(* Let $f(z_1,z_2)$ be meromorphic in $z_1$ and holomorphic in $z_2$ near $(0,0)$, and consider the function $u\mapsto f(1/u,\log u/u)$ on a left half-plane $\{\mathrm{Re}\,u<-L\}$, $L\gg0$ (with a fixed branch of $\log u$). Let $a_1,\dots,a_k$ be nonzero real numbers. Then: (1) for any $A\in\mathbb{R}$ there exists $p\in\mathcal{P}(u)$ such that $|f-p|\le M|u|^{-A}$ for some constant $M$; (2) $\mathcal{P}(u)$ is closed under integration: for any $p\in\mathcal{P}(u)$ there is $P\in\mathcal{P}(u)$ with $P'=p$; (3) for any $A\in\mathbb{R}$ there exists $P_f\in\mathcal{P}(u)$ such that $|f-\Delta_{a_1,\dots,a_k}P_f|\le M|u|^{-A}$ for some constant $M$.
   Context: $\mathcal{P}(u)=\mathbb{C}[u,\tfrac1u,\log u]$ is the space of polynomials in $\log u$ with coefficients Laurent polynomials in $u$. The difference operator is $\Delta_af(u)=f(u+ia\pi)-f(u-ia\pi)$ and $\Delta_{a_1,\dots,a_k}=\Delta_{a_1}\circ\cdots\circ\Delta_{a_k}$. Estimates are understood on the half-plane $\{\mathrm{Re}\,u<-L\}$. *)

theory Defs
  imports "HOL-Analysis.Analysis"
begin

definition holomorphic2_on :: "(complex \<times> complex \<Rightarrow> complex) \<Rightarrow> (complex \<times> complex) set \<Rightarrow> bool" where
  "holomorphic2_on g U \<longleftrightarrow>
     (\<forall>z\<in>U. \<exists>D. (g has_derivative D) (at z) \<and>
        (\<forall>(c::complex) w. D (c * fst w, c * snd w) = c * D w))"
(* Let $l=(l_1,\dots,l_m)$ be an admissible cut length vector for $f$ with distinguished index $i_0$ (as in conditions (ii),(iii) of admissibility), let $q$ be the order of $\sigma$, and let $l'=(l'_1,\dots,l'_m)$ be obtained from $l$ by a SC-folding of length $l^*$, where $0<l^*<l_{i_0}$ and $u_{i_0}(l_{i_0}-l^* )\in\mathcal{W}^{true}(l)$; that is, $l'_{i_0}=l_{i_0}-l^*$, $l'_{\sigma^{-p}(i_0)}=l_{\sigma^{-p}(i_0)}-\lambda^{-p}l^*$ for $p=1,\dots,q-1$, and $l'_j=l_j=0$ for $j$ not in the $\sigma$-orbit of $i_0$. Then $l'$ is admissible, and its total length satisfies $\sum_i l'_i=\sum_i l_i-\left(1+\frac1\lambda+\cdots+\frac{1}{\lambda^{q-1}}\right)l^*$.
   Context: Let $S$ be a compact surface with marked points $X=\{x_0,\dots,x_n\}$ and $f:S\to S$ a pseudo-Anosov homeomorphism relative to $X$ with $f(x_0)=x_0$, $f(X)=X$, invariant stable and unstable transverse measured foliations $(\mathcal{F}^s,\mu^s)$, $(\mathcal{F}^u,\mu^u)$ (measures fixed) and dilatation $\lambda>1$: $f$ multiplies the $\mu^s$-length of arcs in leaves of $\mathcal{F}^u$ by $\lambda$. True singularities are the singular points of the foliations. Let $u_1,\dots,u_m$ be the unstable separatrices at $x_0$, cyclically indexed around $x_0$, with $f(u_i)=u_{\sigma(i)}$. Let $u_i(t)$ be the point of $u_i$ at $\mu^s$-length $t$ from $x_0$. For a nonzero cut length vector $l\in\mathbb{R}_+^m$, the cut line along $u_i$ is $[x_0,u_i(l_i)]\subset u_i$, $\mathcal{L}(l)$ is the union of cut lines, and $\mathcal{W}^{true}(l)$ is the union of the stable leaf segments emanating from the true singularities, each taken up to its first intersection with $\mathcal{L}(l)$. The vector $l$ is admissible if (i) there is a $\sigma$-orbit $\mathcal{O}$ with $l_i\neq0$ iff $i\in\mathcal{O}$, and there is $i_0\in\mathcal{O}$ (the distinguished index) with (ii) $l_{\sigma(i)}=\lambda l_i$ for all $i\neq i_0$ and (iii) $u_{i_0}(l_{i_0})\in\mathcal{W}^{true}(l)$. *)

theory Defs
  imports Complex_Main "HOL-Combinatorics.Permutations"
begin

text \<open>Separatrices are indexed by 0..m-1 (instead of 1..m).
  u i t is the point of the unstable separatrix u_i at mu^s-length t from x0.
  Gam is the set of stable leaf rays emanating from the true singularities,
  each parametrised by [0,infinity) starting at the singularity.
  Cut length vectors are functions nat => real, only indices below m matter.\<close>

definition cut_lines :: "nat \<Rightarrow> (nat \<Rightarrow> real \<Rightarrow> 'a) \<Rightarrow> (nat \<Rightarrow> real) \<Rightarrow> 'a set" where
  "cut_lines m u l = (\<Union>i\<in>{..<m}. u i ` {0..l i})"

definition W_true :: "nat \<Rightarrow> (nat \<Rightarrow> real \<Rightarrow> 'a) \<Rightarrow> (real \<Rightarrow> 'a) set \<Rightarrow> (nat \<Rightarrow> real) \<Rightarrow> 'a set" where
  "W_true m u Gam l =
     {p. \<exists>\<gamma>\<in>Gam. \<exists>t\<ge>0. \<gamma> t = p \<and> (\<forall>s\<in>{0..<t}. \<gamma> s \<notin> cut_lines m u l)}"

definition sorbit :: "(nat \<Rightarrow> nat) \<Rightarrow> nat \<Rightarrow> nat set" where
  "sorbit \<sigma> i = {(\<sigma> ^^ k) i | k. True}"

definition perm_order :: "nat \<Rightarrow> (nat \<Rightarrow> nat) \<Rightarrow> nat" where
  "perm_order m \<sigma> = (LEAST n. 0 < n \<and> (\<forall>i<m. (\<sigma> ^^ n) i = i))"

definition admissible_at ::
  "nat \<Rightarrow> (nat \<Rightarrow> nat) \<Rightarrow> real \<Rightarrow> (nat \<Rightarrow> real \<Rightarrow> 'a) \<Rightarrow> (real \<Rightarrow> 'a) set
     \<Rightarrow> (nat \<Rightarrow> real) \<Rightarrow> nat \<Rightarrow> bool" where
  "admissible_at m \<sigma> lam u Gam l i0 \<longleftrightarrow>
     (\<forall>i<m. 0 \<le> l i) \<and> (\<exists>i<m. l i \<noteq> 0) \<and>
     (\<exists>j<m. (\<forall>i<m. l i \<noteq> 0 \<longleftrightarrow> i \<in> sorbit \<sigma> j) \<and>
        i0 \<in> sorbit \<sigma> j \<and> i0 < m \<and>
        (\<forall>i<m. i \<noteq> i0 \<longrightarrow> l (\<sigma> i) = lam * l i) \<and>
        u i0 (l i0) \<in> W_true m u Gam l)"

definition admissible ::
  "nat \<Rightarrow> (nat \<Rightarrow> nat) \<Rightarrow> real \<Rightarrow> (nat \<Rightarrow> real \<Rightarrow> 'a) \<Rightarrow> (real \<Rightarrow> 'a) set
     \<Rightarrow> (nat \<Rightarrow> real) \<Rightarrow> bool" where
  "admissible m \<sigma> lam u Gam l \<longleftrightarrow> (\<exists>i0. admissible_at m \<sigma> lam u Gam l i0)"

end

theory Submission
  imports Defs "HOL-Combinatorics.Cycles"
begin

text \<open>The rotation hypothesis makes all \<sigma>-orbits in {..<m} have the same length
  q = perm_order m \<sigma>, so the orbit of i0 is enumerated without repetition by
  (inv \<sigma> ^^ p) i0 for p < q. Admissibility with distinguished index i0 says precisely
  that l vanishes off this orbit and equals l i0 / lam ^ p at (inv \<sigma> ^^ p) i0. The
  folding subtracts lstar / lam ^ p there, so l' has the same shape with l i0 replaced by
  l i0 - lstar > 0. As l' only shortens cut lines, W_true can only grow and still contains
  the new endpoint; summing over the orbit gives the length formula.\<close>

lemma funpow_rotation:
  fixes \<sigma> :: "nat \<Rightarrow> nat"
  assumes rot: "\<forall>i<m. \<sigma> i = (i + k) mod m" and "i < m"
  shows "(\<sigma> ^^ n) i = (i + n * k) mod m"
proof (induction n)
  case (Suc n)
  have "(\<sigma> ^^ Suc n) i = ((i + n * k) mod m + k) mod m"
    using Suc rot \<open>i < m\<close> by simp
  also have "\<dots> = (i + n * k + k) mod m"
    by (rule mod_add_left_eq)
  finally show ?case
    by (metis add.assoc add.commute mult_Suc)
qed (use \<open>i < m\<close> in simp)

text \<open>This is the only consequence of the rotation hypothesis that the argument needs.\<close>

definition semiregular_on :: "nat \<Rightarrow> (nat \<Rightarrow> nat) \<Rightarrow> bool" where
  "semiregular_on m \<sigma> \<longleftrightarrow> (\<forall>n. \<forall>x<m. (\<sigma> ^^ n) x = x \<longrightarrow> (\<forall>i<m. (\<sigma> ^^ n) i = i))"

lemma semiregular_on_rotation:
  assumes rot: "\<forall>i<m. \<sigma> i = (i + k) mod m"
  shows "semiregular_on m \<sigma>"
  unfolding semiregular_on_def
proof (intro allI impI)
  fix n x i assume "x < m" "(\<sigma> ^^ n) x = x" "i < m"
  then have "(x + n * k) mod m = x"
    using funpow_rotation[OF rot] by simp
  then have "(i + n * k) mod m = i"
    using \<open>x < m\<close> \<open>i < m\<close>
    by (metis add.commute add_right_cancel div_mod_decomp mod_less mod_mult_self4 mult.commute)
  then show "(\<sigma> ^^ n) i = i"
    using funpow_rotation[OF rot \<open>i < m\<close>] by simp
qed

lemma perm_order_funpow:
  assumes "permutation \<sigma>"
  shows "0 < perm_order m \<sigma>" and "i < m \<Longrightarrow> (\<sigma> ^^ perm_order m \<sigma>) i = i"
proof -
  obtain n where "\<sigma> ^^ n = id" "0 < n"
    using permutation_is_nilpotent[OF assms] .
  then have "\<exists>n. 0 < n \<and> (\<forall>i<m. (\<sigma> ^^ n) i = i)"
    by auto
  from LeastI_ex[OF this]
  show "0 < perm_order m \<sigma>" and "i < m \<Longrightarrow> (\<sigma> ^^ perm_order m \<sigma>) i = i"
    unfolding perm_order_def by auto
qed

lemma funpow_moves_below_perm_order:
  assumes "0 < n" "n < perm_order m \<sigma>"
  shows "\<exists>i<m. (\<sigma> ^^ n) i \<noteq> i"
  using assms not_less_Least unfolding perm_order_def by blast

lemma funpow_mod_period:
  assumes "\<forall>i<m. (g ^^ q) i = i" "\<forall>i<m. g i < m" "x < m"
  shows "(g ^^ n) x = (g ^^ (n mod q)) x"
proof -
  have closed: "(g ^^ r) y < m" if "y < m" for r y
    using that assms(2) by (induction r) auto
  have "(g ^^ (t * q)) x = x" for t
    by (induction t) (simp_all add: funpow_add assms(1) closed \<open>x < m\<close>)
  then show ?thesis
    by (metis div_mult_mod_eq add.commute funpow_add comp_apply)
qed

lemma sorbit_self: "x \<in> sorbit \<sigma> x"
  unfolding sorbit_def by (auto intro: exI[of _ 0])

lemma sorbit_subset:
  assumes "y \<in> sorbit \<sigma> x"
  shows "sorbit \<sigma> y \<subseteq> sorbit \<sigma> x"
proof
  fix z assume "z \<in> sorbit \<sigma> y"
  then obtain a b where "y = (\<sigma> ^^ a) x" "z = (\<sigma> ^^ b) y"
    using assms unfolding sorbit_def by blast
  then have "z = (\<sigma> ^^ (b + a)) x"
    by (simp add: funpow_add)
  then show "z \<in> sorbit \<sigma> x"
    unfolding sorbit_def by blast
qed

lemma W_true_antimono:
  assumes "\<forall>i<m. l' i \<le> l i"
  shows "W_true m u Gam l \<subseteq> W_true m u Gam l'"
proof -
  have "cut_lines m u l' \<subseteq> cut_lines m u l"
    using assms unfolding cut_lines_def by fastforce
  then show ?thesis
    unfolding W_true_def by blast
qed

context
  fixes m :: nat and \<sigma> :: "nat \<Rightarrow> nat"
  assumes perm: "\<sigma> permutes {..<m}"
    and semiregular: "semiregular_on m \<sigma>"
begin

private lemma permutation: "permutation \<sigma>"
  using perm permutation_permutes by blast

private lemma bij: "bij \<sigma>"
  using perm permutes_bij by blast

private lemma perm_less: "x < m \<Longrightarrow> \<sigma> x < m"
  using permutes_in_image[OF perm] by simp

lemma funpow_less: "x < m \<Longrightarrow> (\<sigma> ^^ n) x < m"
  using permutes_in_image[OF permutes_funpow[OF perm]] by blast

lemma funpow_inv_less: "x < m \<Longrightarrow> (inv \<sigma> ^^ n) x < m"
  using permutes_in_image[OF permutes_funpow[OF permutes_inv[OF perm]]] by blast

lemma funpow_perm_order_inv:
  assumes "x < m" "p \<le> perm_order m \<sigma>"
  shows "(inv \<sigma> ^^ p) x = (\<sigma> ^^ (perm_order m \<sigma> - p)) x"
proof -
  have "(inv \<sigma> ^^ p) x = (\<sigma> ^^ perm_order m \<sigma>) ((inv \<sigma> ^^ p) x)"
    using perm_order_funpow(2)[OF permutation funpow_inv_less[OF \<open>x < m\<close>]] by simp
  also have "\<dots> = (\<sigma> ^^ (perm_order m \<sigma> - p)) ((\<sigma> ^^ p) ((inv \<sigma> ^^ p) x))"
    using assms(2) by (metis funpow_add le_add_diff_inverse2 comp_apply)
  also have "\<dots> = (\<sigma> ^^ (perm_order m \<sigma> - p)) x"
    using fn_o_inv_fn_is_id[OF bij, of p] by (simp add: fun_eq_iff)
  finally show ?thesis .
qed

lemma inj_on_inv_orbit:
  assumes "x < m"
  shows "inj_on (\<lambda>p. (inv \<sigma> ^^ p) x) {..<perm_order m \<sigma>}"
proof -
  have no_return: False
    if "a < b" "b < perm_order m \<sigma>" "(inv \<sigma> ^^ a) x = (inv \<sigma> ^^ b) x" for a b
  proof -
    have "(\<sigma> ^^ (b - a)) x = (\<sigma> ^^ (b - a)) ((\<sigma> ^^ a) ((inv \<sigma> ^^ a) x))"
      using fn_o_inv_fn_is_id[OF bij, of a] by (simp add: fun_eq_iff)
    also have "\<dots> = (\<sigma> ^^ b) ((inv \<sigma> ^^ b) x)"
      using that by (metis funpow_add le_add_diff_inverse2 less_imp_le comp_apply)
    also have "\<dots> = x"
      using fn_o_inv_fn_is_id[OF bij, of b] by (simp add: fun_eq_iff)
    finally have "\<forall>i<m. (\<sigma> ^^ (b - a)) i = i"
      using semiregular \<open>x < m\<close> unfolding semiregular_on_def by blast
    moreover have "\<exists>i<m. (\<sigma> ^^ (b - a)) i \<noteq> i"
      using that by (intro funpow_moves_below_perm_order) auto
    ultimately show False
      by blast
  qed
  show ?thesis
  proof (rule inj_onI)
    fix a b
    assume "a \<in> {..<perm_order m \<sigma>}" "b \<in> {..<perm_order m \<sigma>}"
      and "(inv \<sigma> ^^ a) x = (inv \<sigma> ^^ b) x"
    then show "a = b"
      using no_return by (metis lessThan_iff linorder_neqE_nat)
  qed
qed

lemma sorbit_eq_inv_orbit:
  assumes "x < m"
  shows "sorbit \<sigma> x = (\<lambda>p. (inv \<sigma> ^^ p) x) ` {..<perm_order m \<sigma>}"
proof
  let ?q = "perm_order m \<sigma>"
  have q: "0 < ?q"
    by (rule perm_order_funpow(1)[OF permutation])
  show "sorbit \<sigma> x \<subseteq> (\<lambda>p. (inv \<sigma> ^^ p) x) ` {..<?q}"
  proof
    fix y assume "y \<in> sorbit \<sigma> x"
    then obtain n where "y = (\<sigma> ^^ n) x"
      unfolding sorbit_def by blast
    also have "\<dots> = (\<sigma> ^^ (n mod ?q)) x"
      by (rule funpow_mod_period[where m = m])
        (simp_all add: perm_order_funpow(2)[OF permutation] perm_less \<open>x < m\<close>)
    also have "\<dots> = (inv \<sigma> ^^ ((?q - n mod ?q) mod ?q)) x"
      using funpow_perm_order_inv[OF \<open>x < m\<close>, of "?q - n mod ?q"] q
      by (cases "n mod ?q = 0") (simp_all add: diff_less)
    finally have "y = (inv \<sigma> ^^ ((?q - n mod ?q) mod ?q)) x" .
    moreover have "(?q - n mod ?q) mod ?q < ?q"
      using q by simp
    ultimately show "y \<in> (\<lambda>p. (inv \<sigma> ^^ p) x) ` {..<?q}"
      by blast
  qed
  show "(\<lambda>p. (inv \<sigma> ^^ p) x) ` {..<?q} \<subseteq> sorbit \<sigma> x"
  proof
    fix y assume "y \<in> (\<lambda>p. (inv \<sigma> ^^ p) x) ` {..<?q}"
    then obtain p where "p < ?q" "y = (inv \<sigma> ^^ p) x"
      by blast
    then have "y = (\<sigma> ^^ (?q - p)) x"
      using funpow_perm_order_inv[OF \<open>x < m\<close>] by simp
    then show "y \<in> sorbit \<sigma> x"
      unfolding sorbit_def by blast
  qed
qed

◆ **Work required**
Lines with "commute" in the listing above: state how many there are, and nothing else.

◆ **Task result**
3